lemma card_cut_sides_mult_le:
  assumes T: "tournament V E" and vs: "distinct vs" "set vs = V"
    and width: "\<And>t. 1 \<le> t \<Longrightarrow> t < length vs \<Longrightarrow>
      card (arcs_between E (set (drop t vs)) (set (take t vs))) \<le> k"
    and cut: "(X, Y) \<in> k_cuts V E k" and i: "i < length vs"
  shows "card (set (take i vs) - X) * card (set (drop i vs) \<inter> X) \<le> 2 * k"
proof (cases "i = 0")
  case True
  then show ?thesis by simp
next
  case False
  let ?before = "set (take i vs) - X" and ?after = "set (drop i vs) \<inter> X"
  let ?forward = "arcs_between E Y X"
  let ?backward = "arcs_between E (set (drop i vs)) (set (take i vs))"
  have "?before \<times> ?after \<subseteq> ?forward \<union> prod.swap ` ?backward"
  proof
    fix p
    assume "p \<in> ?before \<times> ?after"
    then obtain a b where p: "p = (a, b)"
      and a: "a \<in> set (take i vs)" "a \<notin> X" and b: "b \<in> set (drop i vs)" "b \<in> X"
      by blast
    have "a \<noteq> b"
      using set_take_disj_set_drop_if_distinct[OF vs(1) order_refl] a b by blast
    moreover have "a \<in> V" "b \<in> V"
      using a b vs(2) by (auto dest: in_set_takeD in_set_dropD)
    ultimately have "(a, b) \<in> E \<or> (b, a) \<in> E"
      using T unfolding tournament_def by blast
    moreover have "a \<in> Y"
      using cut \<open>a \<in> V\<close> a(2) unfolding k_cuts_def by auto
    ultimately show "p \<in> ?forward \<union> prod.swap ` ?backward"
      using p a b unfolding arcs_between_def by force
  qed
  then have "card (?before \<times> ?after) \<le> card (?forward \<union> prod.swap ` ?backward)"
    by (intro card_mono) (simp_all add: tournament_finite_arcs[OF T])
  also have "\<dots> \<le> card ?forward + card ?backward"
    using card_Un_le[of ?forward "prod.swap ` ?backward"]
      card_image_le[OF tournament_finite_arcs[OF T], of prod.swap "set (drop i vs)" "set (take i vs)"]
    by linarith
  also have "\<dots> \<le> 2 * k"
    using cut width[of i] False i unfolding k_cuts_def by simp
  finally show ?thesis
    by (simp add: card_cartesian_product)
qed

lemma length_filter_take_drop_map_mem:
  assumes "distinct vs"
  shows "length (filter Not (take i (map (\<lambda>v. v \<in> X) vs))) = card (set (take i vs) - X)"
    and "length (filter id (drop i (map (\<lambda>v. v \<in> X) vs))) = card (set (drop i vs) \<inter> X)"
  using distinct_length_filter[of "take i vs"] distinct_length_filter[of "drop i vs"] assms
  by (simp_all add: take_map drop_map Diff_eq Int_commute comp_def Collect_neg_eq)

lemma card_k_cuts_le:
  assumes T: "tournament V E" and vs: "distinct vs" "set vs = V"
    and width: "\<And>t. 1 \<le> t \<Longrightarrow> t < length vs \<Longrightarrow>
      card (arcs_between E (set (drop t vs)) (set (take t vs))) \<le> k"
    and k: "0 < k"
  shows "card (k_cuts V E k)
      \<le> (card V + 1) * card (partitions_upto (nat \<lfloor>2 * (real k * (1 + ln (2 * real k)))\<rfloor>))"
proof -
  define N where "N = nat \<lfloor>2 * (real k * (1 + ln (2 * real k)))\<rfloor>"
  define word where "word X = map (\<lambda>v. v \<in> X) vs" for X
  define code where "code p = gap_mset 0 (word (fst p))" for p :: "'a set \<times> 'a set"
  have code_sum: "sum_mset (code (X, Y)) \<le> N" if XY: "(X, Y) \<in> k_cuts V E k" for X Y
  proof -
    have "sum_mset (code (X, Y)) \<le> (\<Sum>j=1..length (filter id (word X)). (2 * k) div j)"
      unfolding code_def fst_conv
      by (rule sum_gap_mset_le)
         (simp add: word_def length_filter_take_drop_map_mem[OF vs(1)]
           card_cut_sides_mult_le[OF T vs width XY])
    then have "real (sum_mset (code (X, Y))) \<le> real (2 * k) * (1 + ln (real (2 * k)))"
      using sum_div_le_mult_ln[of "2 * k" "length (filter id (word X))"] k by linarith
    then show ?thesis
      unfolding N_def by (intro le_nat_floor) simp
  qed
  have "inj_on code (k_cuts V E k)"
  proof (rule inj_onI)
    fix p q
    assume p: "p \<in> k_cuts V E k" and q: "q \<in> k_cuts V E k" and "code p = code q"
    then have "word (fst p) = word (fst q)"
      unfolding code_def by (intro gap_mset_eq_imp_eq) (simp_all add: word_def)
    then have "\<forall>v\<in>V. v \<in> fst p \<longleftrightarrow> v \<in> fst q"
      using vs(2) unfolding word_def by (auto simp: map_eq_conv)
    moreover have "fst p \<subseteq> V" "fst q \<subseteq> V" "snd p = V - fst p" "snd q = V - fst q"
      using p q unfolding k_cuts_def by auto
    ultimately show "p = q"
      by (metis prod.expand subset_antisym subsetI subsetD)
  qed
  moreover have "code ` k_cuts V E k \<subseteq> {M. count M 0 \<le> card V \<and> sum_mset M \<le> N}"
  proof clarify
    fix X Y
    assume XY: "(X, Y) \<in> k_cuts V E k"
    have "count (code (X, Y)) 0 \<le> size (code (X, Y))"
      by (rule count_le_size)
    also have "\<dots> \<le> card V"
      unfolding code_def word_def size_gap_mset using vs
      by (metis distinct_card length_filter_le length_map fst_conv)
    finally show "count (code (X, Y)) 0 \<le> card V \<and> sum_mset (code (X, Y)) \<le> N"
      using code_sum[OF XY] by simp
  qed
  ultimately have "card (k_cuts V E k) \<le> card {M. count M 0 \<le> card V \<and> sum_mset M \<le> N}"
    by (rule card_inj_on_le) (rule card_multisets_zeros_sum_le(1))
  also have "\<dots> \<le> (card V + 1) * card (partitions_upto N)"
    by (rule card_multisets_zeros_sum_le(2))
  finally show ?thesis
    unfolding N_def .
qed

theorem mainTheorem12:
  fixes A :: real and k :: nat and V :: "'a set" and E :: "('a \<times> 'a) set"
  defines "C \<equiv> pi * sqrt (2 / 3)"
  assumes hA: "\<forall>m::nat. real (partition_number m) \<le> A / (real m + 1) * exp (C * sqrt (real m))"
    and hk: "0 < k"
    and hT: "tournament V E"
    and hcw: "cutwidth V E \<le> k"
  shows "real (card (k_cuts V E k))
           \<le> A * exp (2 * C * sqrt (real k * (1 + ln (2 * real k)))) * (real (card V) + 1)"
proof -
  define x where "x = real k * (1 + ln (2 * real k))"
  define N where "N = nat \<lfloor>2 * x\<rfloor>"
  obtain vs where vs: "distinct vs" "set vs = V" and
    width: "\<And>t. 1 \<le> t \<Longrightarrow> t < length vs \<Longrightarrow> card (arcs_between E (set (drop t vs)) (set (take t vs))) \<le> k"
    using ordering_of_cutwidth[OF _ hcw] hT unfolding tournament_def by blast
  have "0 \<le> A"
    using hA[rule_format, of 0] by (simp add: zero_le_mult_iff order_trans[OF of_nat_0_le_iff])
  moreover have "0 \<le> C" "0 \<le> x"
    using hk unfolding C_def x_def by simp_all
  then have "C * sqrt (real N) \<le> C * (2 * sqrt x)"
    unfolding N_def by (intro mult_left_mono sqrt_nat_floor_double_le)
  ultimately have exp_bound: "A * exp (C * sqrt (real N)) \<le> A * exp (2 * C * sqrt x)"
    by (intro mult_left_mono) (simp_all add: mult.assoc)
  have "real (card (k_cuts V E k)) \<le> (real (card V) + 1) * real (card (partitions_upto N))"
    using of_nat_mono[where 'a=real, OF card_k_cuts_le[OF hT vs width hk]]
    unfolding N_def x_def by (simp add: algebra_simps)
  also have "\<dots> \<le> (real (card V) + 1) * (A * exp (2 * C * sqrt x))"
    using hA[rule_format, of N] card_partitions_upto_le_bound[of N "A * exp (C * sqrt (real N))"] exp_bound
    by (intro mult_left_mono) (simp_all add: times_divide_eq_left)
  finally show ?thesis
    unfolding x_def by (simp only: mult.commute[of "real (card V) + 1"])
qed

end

» **EXERCISE AIM**: In the data above, find the line with "using hk unfolding" and the line with "(A * exp (2". Retype both, plus every line between them, exactly.

» **RESPONSE AREA**:
    using hk unfolding C_def x_def by simp_all
  then have "C * sqrt (real N) \<le> C * (2 * sqrt x)"
    unfolding N_def by (intro mult_left_mono sqrt_nat_floor_double_le)
  ultimately have exp_bound: "A * exp (C * sqrt (real N)) \<le> A * exp (2 * C * sqrt x)"
    by (intro mult_left_mono) (simp_all add: mult.assoc)
  have "real (card (k_cuts V E k)) \<le> (real (card V) + 1) * real (card (partitions_upto N))"
    using of_nat_mono[where 'a=real, OF card_k_cuts_le[OF hT vs width hk]]
    unfolding N_def x_def by (simp add: algebra_simps)
  also have "\<dots> \<le> (real (card V) + 1) * (A * exp (2 * C * sqrt x))"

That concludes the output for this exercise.